§ Work request
Give the count of lines in the data that include "moreover", with no other words.

Stored data entries
(* Let $p\colon X\to B$ be a Boolean set and let $G$ be an ultrafilter of $(X,\le)$. If $x,y\in X$ satisfy $x\sim y$ and $x\vee y\in G$, then $x\in G$ or $y\in G$.
   Context: Convention: a "Boolean algebra" means a generalized Boolean algebra (relatively complemented distributive lattice with $0$). Presheaf of sets over a meet semilattice $E$: pairwise disjoint sets $X_e$, restriction maps $x\mapsto x|^e_f$ for $e\ge f$ with $|^e_e=\mathrm{id}$ and $(x|^e_f)|^f_g=x|^e_g$; $p(x)=e$ iff $x\in X_e$; global support: all $X_e\neq\emptyset$. Order: $x\le y$ iff $p(x)\le p(y)$ and $x=y|^{p(y)}_{p(x)}$. Compatibility $x\sim y$: $x\wedge y$ exists and $p(x\wedge y)=p(x)\wedge p(y)$. A Boolean set is a presheaf $p\colon X\to B$ with global support over a Boolean algebra $B$ such that $(X,\le)$ has least element $0$, compatible pairs have joins, and $p(x)=0\Rightarrow x=0$. In a poset, a filter is a non-empty, down directed, upwardly closed subset; an ultrafilter is a maximal filter among those not equal to the whole poset. *)

theory Defs
  imports Main
begin

definition gen_boolean_algebra :: "'b::{distrib_lattice,order_bot} itself \<Rightarrow> bool" where
  "gen_boolean_algebra _ \<longleftrightarrow>
     (\<forall>a b c::'b. a \<le> b \<and> b \<le> c \<longrightarrow> (\<exists>d. inf b d = a \<and> sup b d = c))"

text \<open>Presheaf of sets over the meet semilattice 'b: the set X is the type 'x,
  p x = e iff x \<in> X_e, and res x f = x|^{p x}_f for f \<le> p x.\<close>
definition presheaf :: "('x \<Rightarrow> 'b::semilattice_inf) \<Rightarrow> ('x \<Rightarrow> 'b \<Rightarrow> 'x) \<Rightarrow> bool" where
  "presheaf p res \<longleftrightarrow>
     (\<forall>x f. f \<le> p x \<longrightarrow> p (res x f) = f) \<and>
     (\<forall>x. res x (p x) = x) \<and>
     (\<forall>x f g. g \<le> f \<and> f \<le> p x \<longrightarrow> res (res x f) g = res x g)"

definition global_support :: "('x \<Rightarrow> 'b) \<Rightarrow> bool" where
  "global_support p \<longleftrightarrow> (\<forall>e. \<exists>x. p x = e)"

definition psleq :: "('x \<Rightarrow> 'b::order) \<Rightarrow> ('x \<Rightarrow> 'b \<Rightarrow> 'x) \<Rightarrow> 'x \<Rightarrow> 'x \<Rightarrow> bool" where
  "psleq p res x y \<longleftrightarrow> p x \<le> p y \<and> x = res y (p x)"

definition is_meet :: "('x \<Rightarrow> 'x \<Rightarrow> bool) \<Rightarrow> 'x \<Rightarrow> 'x \<Rightarrow> 'x \<Rightarrow> bool" where
  "is_meet le x y m \<longleftrightarrow> le m x \<and> le m y \<and> (\<forall>z. le z x \<and> le z y \<longrightarrow> le z m)"

definition is_join :: "('x \<Rightarrow> 'x \<Rightarrow> bool) \<Rightarrow> 'x \<Rightarrow> 'x \<Rightarrow> 'x \<Rightarrow> bool" where
  "is_join le x y j \<longleftrightarrow> le x j \<and> le y j \<and> (\<forall>z. le x z \<and> le y z \<longrightarrow> le j z)"

definition compatible :: "('x \<Rightarrow> 'b::semilattice_inf) \<Rightarrow> ('x \<Rightarrow> 'b \<Rightarrow> 'x) \<Rightarrow> 'x \<Rightarrow> 'x \<Rightarrow> bool" where
  "compatible p res x y \<longleftrightarrow>
     (\<exists>m. is_meet (psleq p res) x y m \<and> p m = inf (p x) (p y))"

definition boolean_set ::
  "('x \<Rightarrow> 'b::{distrib_lattice,order_bot}) \<Rightarrow> ('x \<Rightarrow> 'b \<Rightarrow> 'x) \<Rightarrow> bool" where
  "boolean_set p res \<longleftrightarrow>
     gen_boolean_algebra TYPE('b) \<and> presheaf p res \<and> global_support p \<and>
     (\<exists>z. (\<forall>x. psleq p res z x) \<and> (\<forall>x. p x = bot \<longrightarrow> x = z)) \<and>
     (\<forall>x y. compatible p res x y \<longrightarrow> (\<exists>j. is_join (psleq p res) x y j))"

definition is_filter :: "('x \<Rightarrow> 'x \<Rightarrow> bool) \<Rightarrow> 'x set \<Rightarrow> bool" where
  "is_filter le F \<longleftrightarrow> F \<noteq> {} \<and>
     (\<forall>a\<in>F. \<forall>b\<in>F. \<exists>c\<in>F. le c a \<and> le c b) \<and>
     (\<forall>a\<in>F. \<forall>b. le a b \<longrightarrow> b \<in> F)"

definition is_ultrafilter :: "('x \<Rightarrow> 'x \<Rightarrow> bool) \<Rightarrow> 'x set \<Rightarrow> bool" where
  "is_ultrafilter le F \<longleftrightarrow> is_filter le F \<and> F \<noteq> UNIV \<and>
     (\<forall>F'. is_filter le F' \<and> F' \<noteq> UNIV \<and> F \<subseteq> F' \<longrightarrow> F' = F)"

end

theory Submission
  imports Defs
begin

text \<open>Suppose neither \<open>x\<close> nor \<open>y\<close> lies in the ultrafilter \<open>G\<close>. For a section
  \<open>res j u\<close> of \<open>j \<in> G\<close> outside \<open>G\<close>, the restrictions of the members of \<open>G\<close> to \<open>u\<close>
  generate a filter strictly larger than \<open>G\<close>, which by maximality is everything and so
  contains the least element; hence some \<open>h \<in> G\<close> has support disjoint from \<open>u\<close>.
  Applying this to \<open>u = p x\<close> and \<open>u = p y\<close> and taking a common lower bound in \<open>G\<close> of the
  two witnesses and \<open>j\<close> gives an element of \<open>G\<close> whose support lies below
  \<open>p j \<le> p x \<squnion> p y\<close> but is disjoint from both \<open>p x\<close> and \<open>p y\<close>, so it is the least
  element, which no proper filter contains.\<close>

lemma presheaf_p_res:
  "presheaf p res \<Longrightarrow> f \<le> p x \<Longrightarrow> p (res x f) = f"
  unfolding presheaf_def by blast

lemma presheaf_res_p:
  "presheaf p res \<Longrightarrow> res x (p x) = x"
  unfolding presheaf_def by blast

lemma presheaf_res_res:
  "presheaf p res \<Longrightarrow> g \<le> f \<Longrightarrow> f \<le> p x \<Longrightarrow> res (res x f) g = res x g"
  unfolding presheaf_def by blast

lemma psleq_p_mono: "psleq p res a b \<Longrightarrow> p a \<le> p b"
  unfolding psleq_def by blast

lemma psleq_refl: "presheaf p res \<Longrightarrow> psleq p res x x"
  unfolding psleq_def by (simp add: presheaf_res_p)

lemma psleq_trans:
  assumes "presheaf p res" "psleq p res a b" "psleq p res b c"
  shows "psleq p res a c"
  using assms presheaf_res_res[OF assms(1), of "p a" "p b" c]
  unfolding psleq_def by auto

lemma psleq_res:
  "presheaf p res \<Longrightarrow> f \<le> p x \<Longrightarrow> psleq p res (res x f) x"
  unfolding psleq_def by (simp add: presheaf_p_res)

lemma psleq_res_inf_mono:
  fixes p :: "'x \<Rightarrow> 'b::semilattice_inf"
  assumes ps: "presheaf p res" and le: "psleq p res h h'"
  shows "psleq p res (res h (inf (p h) a)) (res h' (inf (p h') a))"
proof -
  have le_p: "p h \<le> p h'" and h: "res h' (p h) = h" using le unfolding psleq_def by auto
  have le_inf: "inf (p h) a \<le> inf (p h') a" using le_p by (rule inf_mono) simp
  have "res h (inf (p h) a) = res h' (inf (p h) a)"
    using presheaf_res_res[OF ps _ le_p, of "inf (p h) a"] h by simp
  also have "\<dots> = res (res h' (inf (p h') a)) (inf (p h) a)"
    using presheaf_res_res[OF ps le_inf, of h'] by simp
  finally show ?thesis
    unfolding psleq_def using le_inf presheaf_p_res[OF ps, of "inf (p h) a" h]
      presheaf_p_res[OF ps, of "inf (p h') a" h'] by simp
qed

lemma p_join_le_sup:
  fixes p :: "'x \<Rightarrow> 'b::lattice"
  assumes ps: "presheaf p res" and j: "is_join (psleq p res) x y j"
  shows "p j \<le> sup (p x) (p y)"
proof -
  let ?k = "res j (sup (p x) (p y))"
  have xj: "psleq p res x j" and yj: "psleq p res y j"
    using j unfolding is_join_def by auto
  then have sup_le: "sup (p x) (p y) \<le> p j" by (simp add: psleq_p_mono)
  have pk: "p ?k = sup (p x) (p y)" by (rule presheaf_p_res[OF ps sup_le])
  have "psleq p res x ?k" "psleq p res y ?k"
    using xj yj sup_le presheaf_res_res[OF ps] unfolding psleq_def pk by auto
  then have "psleq p res j ?k" using j unfolding is_join_def by blast
  then show ?thesis using pk psleq_p_mono by metis
qed

lemma boolean_set_least:
  assumes "boolean_set p res"
  obtains z where "\<And>w. psleq p res z w" and "\<And>w. p w = bot \<longleftrightarrow> w = z"
proof -
  obtain z where least: "\<And>w. psleq p res z w" and bot: "\<And>w. p w = bot \<Longrightarrow> w = z"
    using assms unfolding boolean_set_def by blast
  obtain w where "p w = bot"
    using assms unfolding boolean_set_def global_support_def by blast
  then have "p z = bot" using psleq_p_mono[OF least[of w]] by (simp add: bot_unique)
  then show thesis using that least bot by blast
qed

lemma filter_down_directed:
  "is_filter le F \<Longrightarrow> a \<in> F \<Longrightarrow> b \<in> F \<Longrightarrow> \<exists>c\<in>F. le c a \<and> le c b"
  unfolding is_filter_def by blast

lemma filter_up_closed: "is_filter le F \<Longrightarrow> a \<in> F \<Longrightarrow> le a b \<Longrightarrow> b \<in> F"
  unfolding is_filter_def by blast

lemma least_notin_proper_filter:
  "is_filter le F \<Longrightarrow> F \<noteq> UNIV \<Longrightarrow> (\<And>w. le z w) \<Longrightarrow> z \<notin> F"
  using filter_up_closed by fastforce

lemma boolean_set_filter_support_ne_bot:
  assumes "boolean_set p res" "is_filter (psleq p res) G" "G \<noteq> UNIV" "h \<in> G"
  shows "p h \<noteq> bot"
proof
  assume "p h = bot"
  obtain z where "\<And>w. psleq p res z w" and "\<And>w. p w = bot \<longleftrightarrow> w = z"
    using boolean_set_least[OF assms(1)] by blast
  with \<open>p h = bot\<close> assms(2-4) show False using least_notin_proper_filter by metis
qed

lemma le_sup_disjoint_eq_bot:
  fixes c :: "'a::{distrib_lattice,order_bot}"
  assumes "c \<le> sup a b" "inf c a = bot" "inf c b = bot"
  shows "c = bot"
proof -
  have "c = sup (inf c a) (inf c b)"
    using assms(1) by (simp add: inf_absorb1 flip: inf_sup_distrib1)
  with assms(2,3) show ?thesis by simp
qed

definition restrict_filter ::
  "('x \<Rightarrow> 'b::semilattice_inf) \<Rightarrow> ('x \<Rightarrow> 'b \<Rightarrow> 'x) \<Rightarrow> 'x set \<Rightarrow> 'b \<Rightarrow> 'x set" where
  "restrict_filter p res G u = {b. \<exists>h\<in>G. psleq p res (res h (inf (p h) u)) b}"

lemma is_filter_restrict_filter:
  assumes ps: "presheaf p res" and G: "is_filter (psleq p res) G"
  shows "is_filter (psleq p res) (restrict_filter p res G u)"
  unfolding is_filter_def
proof (intro conjI ballI allI impI)
  show "restrict_filter p res G u \<noteq> {}"
    using G psleq_refl[OF ps] unfolding is_filter_def restrict_filter_def by blast
next
  fix a b assume "a \<in> restrict_filter p res G u" "b \<in> restrict_filter p res G u"
  then obtain h1 h2 where h: "h1 \<in> G" "h2 \<in> G"
    "psleq p res (res h1 (inf (p h1) u)) a" "psleq p res (res h2 (inf (p h2) u)) b"
    unfolding restrict_filter_def by blast
  then obtain h where "h \<in> G" "psleq p res h h1" "psleq p res h h2"
    using filter_down_directed[OF G] by blast
  then have "res h (inf (p h) u) \<in> restrict_filter p res G u"
    "psleq p res (res h (inf (p h) u)) a" "psleq p res (res h (inf (p h) u)) b"
    using h psleq_refl[OF ps] psleq_trans[OF ps] psleq_res_inf_mono[OF ps]
    unfolding restrict_filter_def by blast+
  then show "\<exists>c\<in>restrict_filter p res G u. psleq p res c a \<and> psleq p res c b" by blast
next
  fix a b assume "a \<in> restrict_filter p res G u" "psleq p res a b"
  then show "b \<in> restrict_filter p res G u"
    using psleq_trans[OF ps] unfolding restrict_filter_def by blast
qed

lemma subset_restrict_filter:
  assumes ps: "presheaf p res"
  shows "G \<subseteq> restrict_filter p res G u"
proof
  fix h assume "h \<in> G"
  moreover have "psleq p res (res h (inf (p h) u)) h" by (rule psleq_res[OF ps]) simp
  ultimately show "h \<in> restrict_filter p res G u" unfolding restrict_filter_def by blast
qed

lemma res_in_restrict_filter:
  assumes ps: "presheaf p res" and "j \<in> G" "u \<le> p j"
  shows "res j u \<in> restrict_filter p res G u"
proof -
  have "res j (inf (p j) u) = res j u" using \<open>u \<le> p j\<close> by (simp add: inf_absorb2)
  then show ?thesis
    using \<open>j \<in> G\<close> psleq_refl[OF ps] unfolding restrict_filter_def by force
qed

lemma ultrafilter_disjoint_support:
  assumes bs: "boolean_set p res" and G: "is_ultrafilter (psleq p res) G"
    and "j \<in> G" "u \<le> p j" "res j u \<notin> G"
  shows "\<exists>h\<in>G. inf (p h) u = bot"
proof -
  have ps: "presheaf p res" using bs unfolding boolean_set_def by blast
  obtain z where bot: "\<And>w. p w = bot \<longleftrightarrow> w = z"
    using boolean_set_least[OF bs] by blast
  let ?F = "restrict_filter p res G u"
  have max: "\<And>F. is_filter (psleq p res) F \<Longrightarrow> F \<noteq> UNIV \<Longrightarrow> G \<subseteq> F \<Longrightarrow> F = G"
    and G_filter: "is_filter (psleq p res) G" using G unfolding is_ultrafilter_def by blast+
  have "is_filter (psleq p res) ?F" by (rule is_filter_restrict_filter[OF ps G_filter])
  moreover have "res j u \<in> ?F" using res_in_restrict_filter[OF ps assms(3,4)] .
  ultimately have "?F = UNIV"
    using max[of ?F] subset_restrict_filter[OF ps] \<open>res j u \<notin> G\<close> by blast
  then obtain h where "h \<in> G" "psleq p res (res h (inf (p h) u)) z"
    unfolding restrict_filter_def by blast
  moreover have "p (res h (inf (p h) u)) = inf (p h) u"
    using presheaf_p_res[OF ps] by simp
  ultimately have "inf (p h) u \<le> p z" using psleq_p_mono by metis
  also have "p z = bot" using bot by simp
  finally show ?thesis using \<open>h \<in> G\<close> bot_unique by blast
qed

theorem lemma3p7:
  fixes p :: "'x \<Rightarrow> 'b::{distrib_lattice,order_bot}"
    and res :: "'x \<Rightarrow> 'b \<Rightarrow> 'x"
    and G :: "'x set"
  assumes "boolean_set p res"
    and "is_ultrafilter (psleq p res) G"
    and "compatible p res x y"
    and "is_join (psleq p res) x y j"
    and "j \<in> G"
  shows "x \<in> G \<or> y \<in> G"
proof (rule ccontr)
  assume neither: "\<not> ?thesis"
  have ps: "presheaf p res" using assms(1) unfolding boolean_set_def by blast
  have G: "is_filter (psleq p res) G" "G \<noteq> UNIV"
    using assms(2) unfolding is_ultrafilter_def by blast+
  have "psleq p res x j" "psleq p res y j" using assms(4) unfolding is_join_def by auto
  then have x: "res j (p x) \<notin> G" "p x \<le> p j" and y: "res j (p y) \<notin> G" "p y \<le> p j"
    using neither unfolding psleq_def by auto
  obtain h1 where h1: "h1 \<in> G" "inf (p h1) (p x) = bot"
    using ultrafilter_disjoint_support[OF assms(1,2,5) x(2,1)] by blast
  obtain h2 where h2: "h2 \<in> G" "inf (p h2) (p y) = bot"
    using ultrafilter_disjoint_support[OF assms(1,2,5) y(2,1)] by blast
  obtain h3 where h3: "h3 \<in> G" "psleq p res h3 h1" "psleq p res h3 h2"
    using filter_down_directed[OF G(1) h1(1) h2(1)] by blast
  obtain h where h: "h \<in> G" "psleq p res h h3" "psleq p res h j"
    using filter_down_directed[OF G(1) h3(1) assms(5)] by blast
  have "p h \<le> p h1" "p h \<le> p h2"
    using psleq_trans[OF ps h(2) h3(2)] psleq_trans[OF ps h(2) h3(3)]
    by (simp_all add: psleq_p_mono)
  then have "inf (p h) (p x) \<le> inf (p h1) (p x)" "inf (p h) (p y) \<le> inf (p h2) (p y)"
    by (simp_all add: le_infI1)
  then have "inf (p h) (p x) = bot" "inf (p h) (p y) = bot"
    using h1(2) h2(2) by (simp_all add: bot_unique)
  moreover have "p h \<le> sup (p x) (p y)"
    using psleq_p_mono[OF h(3)] p_join_le_sup[OF ps assms(4)] by (rule order_trans)
  ultimately have "p h = bot" by (simp add: le_sup_disjoint_eq_bot)
  then show False using boolean_set_filter_support_ne_bot[OF assms(1) G h(1)] by blast
qed

end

§ Exercise solution
4